Gineste de Saurs

The Gineste de Saurs family of wine producers has lived in southern France since the fourteenth century. The family château, situated in Lisle-sur-Tarn 50 kilometres northeast of Toulouse, was built from 1848 to 1852 by Eliezer Gineste de Saurs and serves as the headquarters for the family's Château de Saurs wine business, headed by Marie-Paule Burrus and her husband Yves Burrus, a scion of Switzerland's Burrus family of industrialists.[1]

In 1959, Paul Gineste de Saurs established a restaurant in the 17th arrondissement of Paris, near Porte Maillot, offering but one main dish: the traditional French bistro meal of steak-frites, or steak-and-chips. The beefsteak used was the cut of sirloin known in French as contre-filet or entrecôte, and accordingly the restaurant was named Le Relais de Venise – L'Entrecôte. Where most restaurants served steak-frites with herbed butter, Le Relais de Venise instead served the dish with a complex butter-based sauce. A simple salad of lettuce topped with walnuts and a mustard vinaigrette was offered as a starter, and not until the end of the meal did the menu offer some choice, from a dessert list of fruit pastries, profiteroles, and other confections consisting mainly of ice cream, chocolate sauce, meringue, and whipped cream.[2]

Despite the limited menu, the restaurant flourished.

Following the death of Paul Gineste de Saurs in 1966, three of his children carried on in the business.
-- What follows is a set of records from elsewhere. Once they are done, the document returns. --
definition admissible_input :: "(real \<Rightarrow> real ^ 'n::finite) \<Rightarrow> bool" where
  "admissible_input p \<longleftrightarrow> (\<forall>T\<ge>0. p \<in> borel_measurable (lebesgue_on {0..T}) \<and>
      integrable (lebesgue_on {0..T}) (\<lambda>t. (norm (p t))\<^sup>2))"

definition state :: "real ^ 'n::finite \<Rightarrow> (real \<Rightarrow> real ^ 'n) \<Rightarrow> real \<Rightarrow> real ^ 'n" where
  "state q0 p t = q0 + integral {0..t} p"

definition lossless_via ::
  "(real ^ 'n::finite \<Rightarrow> real ^ 'n) \<Rightarrow> real ^ 'n \<Rightarrow> (real ^ 'n \<Rightarrow> real) \<Rightarrow> bool" where
  "lossless_via f xs L \<longleftrightarrow>
     (\<forall>q0 p t. admissible_input p \<longrightarrow> 0 \<le> t \<longrightarrow>
        L (state q0 p t) = L q0 + integral {0..t} (\<lambda>\<tau>. p \<tau> \<bullet> (f (state q0 p \<tau>) - xs)))"

definition finitely_lossless :: "(real ^ 'n::finite \<Rightarrow> real ^ 'n) \<Rightarrow> real ^ 'n \<Rightarrow> bool" where
  "finitely_lossless f xs \<longleftrightarrow> (\<exists>L. bdd_below (range L) \<and> lossless_via f xs L)"

definition finitely_lossless_dynamic :: "(real ^ 'n::finite \<Rightarrow> real ^ 'n) \<Rightarrow> bool" where
  "finitely_lossless_dynamic f \<longleftrightarrow> (\<forall>j. finitely_lossless f (axis j 1))"

end

theory Submission
  imports Defs
begin

(* Write X = ftrl h and h^c = conj_simplex h. Since X q maximises <q, x> - h x over the simplex, the
   Fenchel-Young inequality makes L q = h^c q - <q, xs> + h xs nonnegative and X q - xs a subgradient
   of L at q. Strict convexity makes the maximiser unique, so X has a closed graph into a compact set
   and is continuous. Along q t = q0 + int_0^t p, the subgradient inequality at the two ends of a short
   interval [s, u] squeezes L (q u) - L (q s) between int_s^u <p, X (q s) - xs> and
   int_s^u <p, X (q u) - xs>; by uniform continuity of X o q both are within e * int_s^u |p| of
   int_s^u <p, X (q t) - xs>, and summing over a fine partition of [0, T] gives the exact identity. *)

lemma absolutely_integrable_if_square_integrable:
  fixes f :: "'a::euclidean_space \<Rightarrow> 'b::euclidean_space"
  assumes "f \<in> borel_measurable (lebesgue_on S)" "S \<in> lmeasurable"
    and "(\<lambda>x. (norm (f x))\<^sup>2) integrable_on S"
  shows "f absolutely_integrable_on S"
proof (rule measurable_bounded_by_integrable_imp_absolutely_integrable)
  show "(\<lambda>x. 1 + (norm (f x))\<^sup>2) integrable_on S"
    using assms(2,3) by (intro integrable_add integrable_on_const)
  show "norm (f x) \<le> 1 + (norm (f x))\<^sup>2" for x
    using zero_le_power2[of "norm (f x) - 1/2"] by (simp add: power2_eq_square algebra_simps)
qed (use assms in auto)

lemma admissible_input_absolutely_integrable:
  assumes "admissible_input p" "0 \<le> T"
  shows "p absolutely_integrable_on {0..T}"
  using assms unfolding admissible_input_def
  by (intro absolutely_integrable_if_square_integrable integrable_on_lebesgue_on) auto

lemma absolutely_integrable_inner_continuous:
  fixes p w :: "real \<Rightarrow> 'a::euclidean_space"
  assumes "p absolutely_integrable_on {a..b}" "continuous_on {a..b} w"
  shows "(\<lambda>t. p t \<bullet> w t) absolutely_integrable_on {a..b}"
proof -
  have "(\<lambda>t. w t \<bullet> p t) absolutely_integrable_on {a..b}"
  proof (rule absolutely_integrable_bounded_measurable_product[where h = inner])
    show "bilinear (inner :: 'a \<Rightarrow> 'a \<Rightarrow> real)"
      by (simp add: bilinear_conv_bounded_bilinear bounded_bilinear_inner)
    show "w \<in> borel_measurable (lebesgue_on {a..b})"
      using assms(2) by (intro continuous_imp_measurable_on_sets_lebesgue) auto
    show "bounded (w ` {a..b})"
      using assms(2) by (intro compact_imp_bounded compact_continuous_image) auto
  qed (use assms in auto)
  then show ?thesis
    by (simp add: inner_commute)
qed

lemma integral_atLeastAtMost_diff:
  fixes f :: "real \<Rightarrow> 'a::banach"
  assumes "f integrable_on {a..b}" "a \<le> s" "s \<le> u" "u \<le> b"
  shows "integral {a..u} f - integral {a..s} f = integral {s..u} f"
proof -
  have "f integrable_on {a..u}"
    using integrable_on_subinterval[OF assms(1)] assms by auto
  from Henstock_Kurzweil_Integration.integral_combine[OF assms(2,3) this] show ?thesis
    by (simp add: algebra_simps)
qed

lemma eq_if_increments_dominated:
  fixes G F :: "real \<Rightarrow> real"
  assumes "a \<le> b"
    and dominated: "\<And>e. e > 0 \<Longrightarrow> \<exists>d>0. \<forall>s u. a \<le> s \<longrightarrow> s \<le> u \<longrightarrow> u \<le> b \<longrightarrow> u - s < d
               \<longrightarrow> \<bar>G u - G s\<bar> \<le> e * (F u - F s)"
  shows "G b = G a"
proof -
  have bound: "\<bar>G b - G a\<bar> \<le> e * (F b - F a)" if "e > 0" for e
  proof -
    obtain d where "d > 0" and d: "\<And>s u. a \<le> s \<Longrightarrow> s \<le> u \<Longrightarrow> u \<le> b \<Longrightarrow> u - s < d
               \<Longrightarrow> \<bar>G u - G s\<bar> \<le> e * (F u - F s)"
      using dominated[OF \<open>e > 0\<close>] by blast
    define t where "t k = min (a + real k * d / 2) b" for k :: nat
    have telescope: "\<bar>G (t k) - G a\<bar> \<le> e * (F (t k) - F a)" for k
    proof (induction k)
      case 0
      then show ?case using \<open>a \<le> b\<close> by (simp add: t_def)
    next
      case (Suc k)
      have "\<bar>G (t (Suc k)) - G (t k)\<bar> \<le> e * (F (t (Suc k)) - F (t k))"
        using \<open>a \<le> b\<close> \<open>d > 0\<close> by (intro d) (auto simp: t_def min_def field_simps)
      with Suc show ?case by (simp add: algebra_simps)
    qed
    obtain k where "2 * (b - a) / d \<le> real k" using real_arch_simple by blast
    then have "t k = b" using \<open>d > 0\<close> by (simp add: t_def min_def field_simps)
    with telescope[of k] show ?thesis by simp
  qed
  have "\<bar>G b - G a\<bar> \<le> 0"
  proof (rule field_le_epsilon)
    fix e :: real assume "e > 0"
    define C where "C = \<bar>F b - F a\<bar> + 1"
    have "C > 0" by (simp add: C_def add_pos_nonneg)
    have "\<bar>G b - G a\<bar> \<le> e / C * (F b - F a)"
      using bound[of "e / C"] \<open>e > 0\<close> \<open>C > 0\<close> by simp
    also have "\<dots> \<le> e / C * C"
      using \<open>e > 0\<close> \<open>C > 0\<close> by (intro mult_left_mono) (auto simp: C_def)
    also have "\<dots> = e"
      using \<open>C > 0\<close> by simp
    finally show "\<bar>G b - G a\<bar> \<le> 0 + e" by simp
  qed
  then show ?thesis by simp
qed

lemma integral_inner_deviation_bound:
  fixes p Y :: "'b::euclidean_space \<Rightarrow> 'a::euclidean_space"
  assumes "p integrable_on S" "(\<lambda>t. norm (p t)) integrable_on S"
    and "(\<lambda>t. p t \<bullet> Y t) integrable_on S"
    and "\<And>t. t \<in> S \<Longrightarrow> norm (Y t - c) \<le> e"
  shows "\<bar>integral S p \<bullet> c - integral S (\<lambda>t. p t \<bullet> Y t)\<bar> \<le> e * integral S (\<lambda>t. norm (p t))"
proof -
  have pc: "(\<lambda>t. p t \<bullet> c) integrable_on S" and "integral S (\<lambda>t. p t \<bullet> c) = integral S p \<bullet> c"
    using integrable_linear[OF assms(1) bounded_linear_inner_left[of c]]
      integral_linear[OF assms(1) bounded_linear_inner_left[of c]] by (simp_all add: o_def)
  then have "integral S p \<bullet> c - integral S (\<lambda>t. p t \<bullet> Y t) = integral S (\<lambda>t. p t \<bullet> (c - Y t))"
    using integral_diff[OF pc assms(3)] by (simp add: inner_diff_right)
  also have "norm \<dots> \<le> integral S (\<lambda>t. e * norm (p t))"
  proof (rule Henstock_Kurzweil_Integration.integral_norm_bound_integral)
    show "(\<lambda>t. p t \<bullet> (c - Y t)) integrable_on S"
      using integrable_diff[OF pc assms(3)] by (simp add: inner_diff_right)
    show "(\<lambda>t. e * norm (p t)) integrable_on S"
      using integrable_on_cmult_left[OF assms(2), of e] by simp
    fix t assume "t \<in> S"
    have "\<bar>p t \<bullet> (c - Y t)\<bar> \<le> norm (p t) * norm (c - Y t)"
      by (rule Cauchy_Schwarz_ineq2)
    also have "\<dots> \<le> norm (p t) * e"
      using assms(4)[OF \<open>t \<in> S\<close>] by (intro mult_left_mono) (auto simp: norm_minus_commute)
    finally show "norm (p t \<bullet> (c - Y t)) \<le> e * norm (p t)"
      by (simp add: mult.commute)
  qed
  finally show ?thesis
    by simp
qed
One daughter – Hélène Godillot – took control of the original restaurant Le Relais de Venise – L'Entrecôte at Porte Maillot, and her branch of the family subsequently opened additional locations under that name in Barcelona (in 2003) and London (in 2005). A second daughter – the same Marie-Paule Burrus who heads the family's Château de Saurs winery – established her group of restaurants under the name Le Relais de l'Entrecôte in the 6th and 8th arrondissements of Paris and in Geneva. And a son – Henri Gineste de Saurs – opened his group of restaurants outside Paris, under the name L'Entrecôte, in Toulouse (in 1962), Bordeaux (in 1966), Nantes (in 1980), Montpellier (in 1990), and Lyon (in 1999). The founder's grandchildren are taking an increasingly active role in the business, in particular Patrick-Alain Godillot[3] in the Relais de Venise – L'Entrecôte group, Valérie Lagarde and Corinne de Roaldès[4] in the L'Entrecôte group, and Paul-Christian Burrus[5] in the Relais de l'Entrecôte group.

Although the descendants of Paul Gineste de Saurs operate their groups of restaurants under slightly different names, they all adhere precisely to his formula: the same lettuce-and-walnut salad as a starter; the same steak-frites with the same butter sauce as the main course, presented in two services; the same assortment of desserts; and a wine list consisting largely of wines from the family's own vineyards.